Kingston MP Ed Davey calls for greater focus on families bereaved by Covid-19

Kingston and Surbiton MP Ed Davey has called for more focus on bereaved families as the government faces questions over its handling of the Covid-19 pandemic.

Davey’s call comes as a new report, published by the House of Commons’ Science and Technology Committee and Health and Social Care Committee, labelled the UK’s response to Covid-19 “one of the most important public health failures” the nation has ever experienced.

Davey, leader of the Liberal Democrats, said: “This report chronicles an almost unimaginable crisis of governance in slow motion.

“The sheer scale of government failure is only beginning to come to light now and the tragedy for bereaved families is still very raw.” 

The report claims both the government and its scientific advisors acted too slowly when introducing the first lockdown, a decision it claims cost lives in the process.
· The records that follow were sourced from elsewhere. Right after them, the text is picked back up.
definition mallows_Z :: "nat \<Rightarrow> real \<Rightarrow> real" where
  "mallows_Z n q = (\<Sum>\<sigma> \<in> {\<sigma>. \<sigma> permutes {1..n}}. q ^ inv_count n \<sigma>)"

definition mallows_mu :: "nat \<Rightarrow> real \<Rightarrow> (nat \<Rightarrow> nat) \<Rightarrow> real" where
  "mallows_mu n q \<sigma> = q ^ inv_count n \<sigma> / mallows_Z n q"

text \<open>The q-Mallows process built from the values J k = p_k(k).
  mallows_perm J n is p_n (identity outside {1..n}); p_0 = id, and p_1
  is forced to be the identity on {1} as J 1 = 1 almost surely.\<close>
fun mallows_perm :: "(nat \<Rightarrow> nat) \<Rightarrow> nat \<Rightarrow> (nat \<Rightarrow> nat)" where
  "mallows_perm J 0 = id"
| "mallows_perm J (Suc n) = (\<lambda>i.
     if i = Suc n then J (Suc n)
     else if 1 \<le> i \<and> i \<le> n then
       (if mallows_perm J n i < J (Suc n) then mallows_perm J n i else mallows_perm J n i + 1)
     else i)"

end

theory Submission
  imports Defs
begin

text \<open>The value \<open>J k = p\<^sub>k(k)\<close> is inserted at step \<open>k\<close> without changing the
  relative order of the earlier positions, so \<open>J k - 1\<close> is the number of \<open>i < k\<close> with
  \<open>p\<^sub>n(i) < p\<^sub>n(k)\<close>. Hence \<open>(J 1, \<dots>, J n)\<close> is a Lehmer code of \<open>p\<^sub>n\<close>, codes correspond
  bijectively to permutations, and \<open>p\<^sub>n\<close> has \<open>\<Sum>\<^sub>k (J k - 1)\<close> non-inversions; by
  independence, \<open>P(p\<^sub>n = \<tau>) = q\<^bsup>noninv \<tau>\<^esup> / [n]\<^sub>q!\<close>. Each of the four transformations is a
  bijection of \<open>S\<^sub>n\<close> taking non-inversions to inversions, so it carries this law to
  \<open>\<mu>\<^sub>n\<^sub>,\<^sub>q\<close>; the same bijection shows \<open>Z\<^sub>n\<^sub>,\<^sub>q = [n]\<^sub>q!\<close>.\<close>

definition noninv_count :: "nat \<Rightarrow> (nat \<Rightarrow> nat) \<Rightarrow> nat" where
  "noninv_count n \<pi> = card {(i, j). 1 \<le> i \<and> i < j \<and> j \<le> n \<and> \<pi> i < \<pi> j}"

definition is_lehmer_code :: "nat \<Rightarrow> (nat \<Rightarrow> nat) \<Rightarrow> bool" where
  "is_lehmer_code n J \<longleftrightarrow> (\<forall>k\<in>{1..n}. J k \<in> {1..k})"

abbreviation lehmer_codes :: "nat \<Rightarrow> (nat \<Rightarrow> nat) set" where
  "lehmer_codes n \<equiv> \<Pi>\<^sub>E k\<in>{1..n}. {1..k}"

definition q_factorial :: "nat \<Rightarrow> 'a :: comm_semiring_1 \<Rightarrow> 'a" where
  "q_factorial n q = (\<Prod>k\<in>{1..n}. \<Sum>i<k. q ^ i)"

section \<open>The insertion process\<close>

lemma mallows_perm_cong:
  "(\<And>k. k \<in> {1..n} \<Longrightarrow> J k = J' k) \<Longrightarrow> mallows_perm J n = mallows_perm J' n"
proof (induction n)
  case (Suc n)
  then have "mallows_perm J n = mallows_perm J' n" "J (Suc n) = J' (Suc n)" by auto
  then show ?case unfolding mallows_perm.simps by (simp only:)
qed simp

lemma mallows_perm_outside: "i \<notin> {1..n} \<Longrightarrow> mallows_perm J n i = i"
  by (cases n) auto

lemma mallows_perm_last: "mallows_perm J (Suc n) (Suc n) = J (Suc n)"
  by simp

lemma mallows_perm_Suc_below:
  "i \<in> {1..n} \<Longrightarrow> mallows_perm J (Suc n) i =
     (if mallows_perm J n i < J (Suc n) then mallows_perm J n i else mallows_perm J n i + 1)"
  by simp

declare mallows_perm.simps(2) [simp del]

lemma mallows_perm_permutes: "is_lehmer_code n J \<Longrightarrow> mallows_perm J n permutes {1..n}"
proof (induction n)
  case 0
  then show ?case by (simp add: permutes_id[unfolded id_def])
next
  case (Suc n)
  let ?P = "mallows_perm J n" and ?Q = "mallows_perm J (Suc n)" and ?j = "J (Suc n)"
  define shift where "shift v = (if v < ?j then v else v + 1)" for v
  have P: "?P permutes {1..n}" using Suc by (auto simp: is_lehmer_code_def)
  have j: "?j \<in> {1..Suc n}" using Suc.prems by (auto simp: is_lehmer_code_def)
  have Q_below: "?Q i = shift (?P i)" if "i \<in> {1..n}" for i
    unfolding shift_def using that by (rule mallows_perm_Suc_below)
  have "inj shift" by (auto simp: inj_on_def shift_def split: if_splits)
  then have "inj_on (shift \<circ> ?P) {1..n}"
    using permutes_inj_on[OF P] by (blast intro: comp_inj_on inj_on_subset)
  moreover have "inj_on ?Q {1..n} = inj_on (shift \<circ> ?P) {1..n}"
    by (rule inj_on_cong) (simp add: Q_below)
  \<comment> \<open>\<open>shift\<close> skips the value \<open>?j\<close>, which goes to the new position.\<close>
  moreover have "?Q (Suc n) \<notin> ?Q ` {1..n}"
    by (auto simp: Q_below mallows_perm_last shift_def)
  moreover have "{1..Suc n} = insert (Suc n) {1..n}" "{1..n} - {Suc n} = {1..n}" by auto
  ultimately have "inj_on ?Q {1..Suc n}" by simp
  moreover have "?Q i \<in> {1..Suc n}" if "i \<in> {1..Suc n}" for i
  proof (cases "i = Suc n")
    case False
    then have "i \<in> {1..n}" using that by auto
    moreover from this have "?P i \<in> {1..n}" using permutes_in_image[OF P, of i] by simp
    ultimately show ?thesis by (auto simp: Q_below shift_def)
  qed (use j in \<open>simp add: mallows_perm_last\<close>)
  ultimately have "bij_betw ?Q {1..Suc n} {1..Suc n}"
    by (simp add: bij_betw_def endo_inj_surj image_subset_iff)
  then show ?case using mallows_perm_outside by (rule bij_imp_permutes)
qed

lemma mallows_perm_less_iff:
  assumes "m \<le> n" "i \<in> {1..m}" "k \<in> {1..m}"
  shows "mallows_perm J n i < mallows_perm J n k \<longleftrightarrow> mallows_perm J m i < mallows_perm J m k"
  using assms(1)
proof (induction n rule: dec_induct)
  case (step n)
  have "i \<in> {1..n}" "k \<in> {1..n}" using assms step by auto
  then show ?case using step.IH by (auto simp: mallows_perm_Suc_below)
qed simp

lemma card_permutes_Collect:
  assumes "P permutes A"
  shows "card {i \<in> A. Q (P i)} = card {v \<in> A. Q v}"
proof -
  have "P ` {i \<in> A. Q (P i)} = {v \<in> A. Q v}"
  proof (intro equalityI subsetI)
    fix v assume v: "v \<in> {v \<in> A. Q v}"
    have "inv P v \<in> A" using v permutes_in_image[OF permutes_inv[OF assms]] by simp
    moreover have "P (inv P v) = v" using assms by (simp add: permutes_inverses)
    ultimately show "v \<in> P ` {i \<in> A. Q (P i)}" using v by (auto intro: rev_image_eqI)
  qed (use assms in \<open>auto simp: permutes_in_image\<close>)
  moreover have "inj_on P {i \<in> A. Q (P i)}"
    using permutes_inj_on[OF assms] by (rule inj_on_subset) auto
  ultimately show ?thesis by (metis card_image)
qed

lemma mallows_perm_rank:
  assumes code: "is_lehmer_code n J" and k: "k \<in> {1..n}"
  shows "card {i. 1 \<le> i \<and> i < k \<and> mallows_perm J n i < mallows_perm J n k} = J k - 1"
proof -
  have code_k: "is_lehmer_code k J" using code k by (auto simp: is_lehmer_code_def)
  have last: "mallows_perm J k k = J k" using k by (cases k) (auto simp: mallows_perm_last)
  have "{i. 1 \<le> i \<and> i < k \<and> mallows_perm J n i < mallows_perm J n k}
      = {i \<in> {1..k}. mallows_perm J k i < J k}"
    using mallows_perm_less_iff[of k n _ k J] k last by (auto simp: le_less)
  also have "card \<dots> = card {v \<in> {1..k}. v < J k}"
    by (rule card_permutes_Collect[OF mallows_perm_permutes[OF code_k]])
  also have "{v \<in> {1..k}. v < J k} = {1..<J k}"
    using bspec[OF code[unfolded is_lehmer_code_def] k] by auto
  finally show ?thesis by simp
qed

lemma card_ordered_pairs_sum:
  "card {(i, j). 1 \<le> i \<and> i < j \<and> j \<le> (n::nat) \<and> R i j} =
     (\<Sum>j\<in>{1..n}. card {i. 1 \<le> i \<and> i < j \<and> R i j})"
proof -
  let ?S = "SIGMA j:{1..n}. {i. 1 \<le> i \<and> i < j \<and> R i j}"
  have "{(i, j). 1 \<le> i \<and> i < j \<and> j \<le> n \<and> R i j} = prod.swap ` ?S"
    by (auto simp: image_iff)
  moreover have "card ?S = (\<Sum>j\<in>{1..n}. card {i. 1 \<le> i \<and> i < j \<and> R i j})"
    by (rule card_SigmaI) auto
  ultimately show ?thesis by (simp add: card_image)
qed

lemma noninv_count_mallows_perm:
  "is_lehmer_code n J \<Longrightarrow> noninv_count n (mallows_perm J n) = (\<Sum>k\<in>{1..n}. J k - 1)"
  unfolding noninv_count_def card_ordered_pairs_sum by (intro sum.cong refl mallows_perm_rank)

lemma mallows_perm_eq_imp_code_eq:
  assumes u: "is_lehmer_code n u" and v: "is_lehmer_code n v"
    and eq: "mallows_perm u n = mallows_perm v n" and k: "k \<in> {1..n}"
  shows "u k = v k"
proof -
  have "u k - 1 = v k - 1" using mallows_perm_rank[OF u k] mallows_perm_rank[OF v k] eq by simp
  moreover have "u k \<ge> 1" "v k \<ge> 1" using u v k by (auto simp: is_lehmer_code_def)
  ultimately show ?thesis by simp
qed

lemma lehmer_codes_is_lehmer_code: "v \<in> lehmer_codes n \<Longrightarrow> is_lehmer_code n v"
  by (auto simp: is_lehmer_code_def PiE_iff)

lemma inj_on_mallows_perm_lehmer_codes: "inj_on (\<lambda>v. mallows_perm v n) (lehmer_codes n)"
proof (rule inj_onI)
  fix u v assume u: "u \<in> lehmer_codes n" and v: "v \<in> lehmer_codes n"
    and eq: "mallows_perm u n = mallows_perm v n"
  show "u = v"
  proof (rule PiE_ext[OF u v])
    fix k assume "k \<in> {1..n}"
    then show "u k = v k"
      by (rule mallows_perm_eq_imp_code_eq
          [OF lehmer_codes_is_lehmer_code[OF u] lehmer_codes_is_lehmer_code[OF v] eq])
  qed
qed

lemma mallows_perm_lehmer_codes:
  "(\<lambda>v. mallows_perm v n) ` lehmer_codes n = {\<sigma>. \<sigma> permutes {1..n}}"
proof (rule card_subset_eq)
  show "finite {\<sigma>. \<sigma> permutes {1..n}}" by (rule finite_permutations) simp
  show "(\<lambda>v. mallows_perm v n) ` lehmer_codes n \<subseteq> {\<sigma>. \<sigma> permutes {1..n}}"
    using mallows_perm_permutes lehmer_codes_is_lehmer_code by blast
  have "card ((\<lambda>v. mallows_perm v n) ` lehmer_codes n) = card (lehmer_codes n)"
    by (rule card_image[OF inj_on_mallows_perm_lehmer_codes])
  also have "\<dots> = fact n" by (simp add: card_PiE fact_prod)
  also have "\<dots> = card {\<sigma>. \<sigma> permutes {1..n}}" by (simp add: card_permutations)
  finally show "card ((\<lambda>v. mallows_perm v n) ` lehmer_codes n) = card {\<sigma>. \<sigma> permutes {1..n}}" .
qed

lemma sum_shift_geometric: "(\<Sum>j\<in>{1..k}. q ^ (j - 1)) = (\<Sum>i<k. q ^ i)"
  by (rule sum.reindex_bij_witness[where i = Suc and j = "\<lambda>j. j - 1"]) auto

lemma sum_noninv_count_permutations:
  "(\<Sum>\<sigma> | \<sigma> permutes {1..n}. q ^ noninv_count n \<sigma>) = q_factorial n q"
proof -
  have "(\<Sum>\<sigma> | \<sigma> permutes {1..n}. q ^ noninv_count n \<sigma>) =
        (\<Sum>v\<in>lehmer_codes n. q ^ noninv_count n (mallows_perm v n))"
    unfolding mallows_perm_lehmer_codes[symmetric]
    by (rule sum.reindex[OF inj_on_mallows_perm_lehmer_codes, unfolded comp_def])
  also have "\<dots> = (\<Sum>v\<in>lehmer_codes n. \<Prod>k\<in>{1..n}. q ^ (v k - 1))"
    by (simp add: noninv_count_mallows_perm lehmer_codes_is_lehmer_code power_sum)
  also have "\<dots> = (\<Prod>k\<in>{1..n}. \<Sum>j\<in>{1..k}. q ^ (j - 1))"
    by (rule prod_sum_PiE[symmetric]) auto
  also have "\<dots> = q_factorial n q" by (simp only: q_factorial_def sum_shift_geometric)
  finally show ?thesis .
qed

section \<open>Transformations exchanging non-inversions and inversions\<close>

definition perm_reverse :: "nat \<Rightarrow> (nat \<Rightarrow> nat) \<Rightarrow> nat \<Rightarrow> nat" where
  "perm_reverse n \<tau> = (\<lambda>i. if i \<in> {1..n} then \<tau> (n + 1 - i) else i)"

definition perm_complement :: "nat \<Rightarrow> (nat \<Rightarrow> nat) \<Rightarrow> nat \<Rightarrow> nat" where
  "perm_complement n \<tau> = (\<lambda>i. if i \<in> {1..n} then n + 1 - \<tau> i else i)"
It also states that the UK’s test and trace system was slow and chaotic, and acted as a “drag anchor” to the nation’s response.

Davey added: “Perhaps the saddest and most abiding image of the pandemic was families watching a loved one’s funeral over a computer.

“As this report confirms, there were far more funerals than there needed to be, far too many people died.” 

A spokesperson for the Liberal Democrats told the Kingston Courier that the party was now focused on making sure a full inquiry takes place, and hopes that bereaved families can play a part in picking the chair of such an inquest.

The spokesperson said: “If you don’t get the right care in place now…families who have lost loved ones will have to fight for justice over decades.”

Meanwhile, cabinet minister Steve Barclay repeatedly refused to apologise when asked about the report. 

Barclay, the chancellor of the duchy of Lancaster and minister for the cabinet office, told LBC: “We followed the scientific advice that we had at the time. 

“What happened to individual families was obviously devastating…our hearts go out to them.”

The Conservative Party chairman, Oliver Dowden, said both he and the prime minister were sorry for the losses resulting from Covid-19.